Tailoring the pore structure of cathode supports for improving the electrochemical performance of solid oxide fuel cells

Abstract

Two types of lanthanum doped strontium manganite (LSM)-yttria-stabilized zirconia (YSZ) composite cathodes were prepared, one with the finger-like straight open pores by the phase inversion tape casting, and the other with the randomly distributed tortuous pores by the conventional tape casting. A gas permeation flux of 42.5 × 105 Lm−2 h−1 was measured under a trans-membrane pressure of 0.6 bar for the former while only 10.6 × 105 Lm−2 h−1 for the latter.

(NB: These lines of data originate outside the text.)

(* Let $(V,E,c,p)$ be a PCSTP instance and let $\{v_i,v_j\}\in E$. If $$c(\{v_i,v_j\}) > d_{pc}(v_i,v_j),$$ then $\{v_i,v_j\}$ is not contained in any optimal solution of the instance.
   Context: A prize-collecting Steiner tree (PCSTP) instance $(V,E,c,p)$ consists of a finite, undirected, connected graph $G=(V,E)$, edge costs $c:E\to\mathbb{Q}_{>0}$ and vertex prizes $p:V\to\mathbb{Q}_{\ge 0}$. For a tree $S\subseteq G$ (connected acyclic subgraph with at least one vertex) let $C(S):=\sum_{e\in E(S)}c(e)+\sum_{v\in V\setminus V(S)}p(v)$; an optimal solution is a tree minimizing $C$. Let $T_p:=\{v\in V: p(v)>0\}$ (potential terminals). For $v_i,v_j\in V$, a finite walk $W=(v_{i_1},e_{i_1},v_{i_2},\dots,e_{i_{r-1}},v_{i_r})$ with $v_{i_1}=v_i$, $v_{i_r}=v_j$ is a prize-constrained $(v_i,v_j)$-walk if no vertex of $T_p\cup\{v_i,v_j\}$ occurs more than once in the sequence. $V(W)$, $E(W)$ denote the sets of vertices and edges of $W$. For $1\le k\le l\le r$, $W[k,l]$ denotes the subwalk $(v_{i_k},e_{i_k},\dots,v_{i_l})$ (itself a prize-constrained $(v_{i_k},v_{i_l})$-walk). The prize-collecting cost of a walk $W$ from $a$ to $b$ is $c_{pc}(W):=\sum_{e\in E(W)}c(e)-\sum_{v\in V(W)\setminus\{a,b\}}p(v)$. The prize-constrained length of a prize-constrained $(v_i,v_j)$-walk $W$ is $l_{pc}(W):=\max\{c_{pc}(W[k,l]) : 1\le k\le l\le r,\ v_{i_k},v_{i_l}\in T_p\cup\{v_i,v_j\}\}$. The prize-constrained distance is $d_{pc}(v_i,v_j):=\inf\{l_{pc}(W): W \text{ a prize-constrained } (v_i,v_j)\text{-walk}\}$. *)

theory Defs
  imports Complex_Main
begin

(* Walks are nonempty vertex lists (the graph is simple, so the edge between
   consecutive vertices is determined). Indices are 0-based. *)

definition is_walk :: "'v set \<Rightarrow> 'v set set \<Rightarrow> 'v list \<Rightarrow> bool" where
  "is_walk V E W \<longleftrightarrow> W \<noteq> [] \<and> set W \<subseteq> V \<and>
     (\<forall>k. Suc k < length W \<longrightarrow> {W ! k, W ! Suc k} \<in> E)"

definition walk_edges :: "'v list \<Rightarrow> 'v set set" where
  "walk_edges W = {{W ! k, W ! Suc k} | k. Suc k < length W}"

definition simple_graph :: "'v set \<Rightarrow> 'v set set \<Rightarrow> bool" where
  "simple_graph V E \<longleftrightarrow> (\<forall>e\<in>E. \<exists>x y. e = {x, y} \<and> x \<noteq> y \<and> x \<in> V \<and> y \<in> V)"

definition connected_graph :: "'v set \<Rightarrow> 'v set set \<Rightarrow> bool" where
  "connected_graph V E \<longleftrightarrow> (\<forall>x\<in>V. \<forall>y\<in>V. \<exists>W. is_walk V E W \<and> hd W = x \<and> last W = y)"

definition has_cycle :: "'v set \<Rightarrow> 'v set set \<Rightarrow> bool" where
  "has_cycle V E \<longleftrightarrow> (\<exists>W. is_walk V E W \<and> distinct W \<and> length W \<ge> 3 \<and> {last W, hd W} \<in> E)"

definition is_subtree :: "'v set \<Rightarrow> 'v set set \<Rightarrow> 'v set \<Rightarrow> 'v set set \<Rightarrow> bool" where
  "is_subtree V E VS ES \<longleftrightarrow> VS \<noteq> {} \<and> VS \<subseteq> V \<and> ES \<subseteq> E \<and> (\<forall>e\<in>ES. e \<subseteq> VS) \<and>
     connected_graph VS ES \<and> \<not> has_cycle VS ES"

Fuel cells supported on the as-prepared LSM-YSZ composite cathodes were fabricated, comprising a 15 μm thick YSZ electrolyte layer and a 20 μm thick NiO-YSZ anode. The electrochemical performance of the fuel cells was measured using H2 as fuels and air as oxidants. The cell supported on the phase-inversion derived cathode showed a maximum power density of 362 mWcm−2 at 850 °C, while only 149 mWcm−2 for the cell supported on the cathode formed by the conventional method. The difference in the electrochemical performance between the two cells can be attributed to the pore structure of the cathode supports. It is concluded that the phase inversion tape casting provides a simple and effective approach for tailoring the pore structure of the cathode support and thus enhancing the electrochemical performance.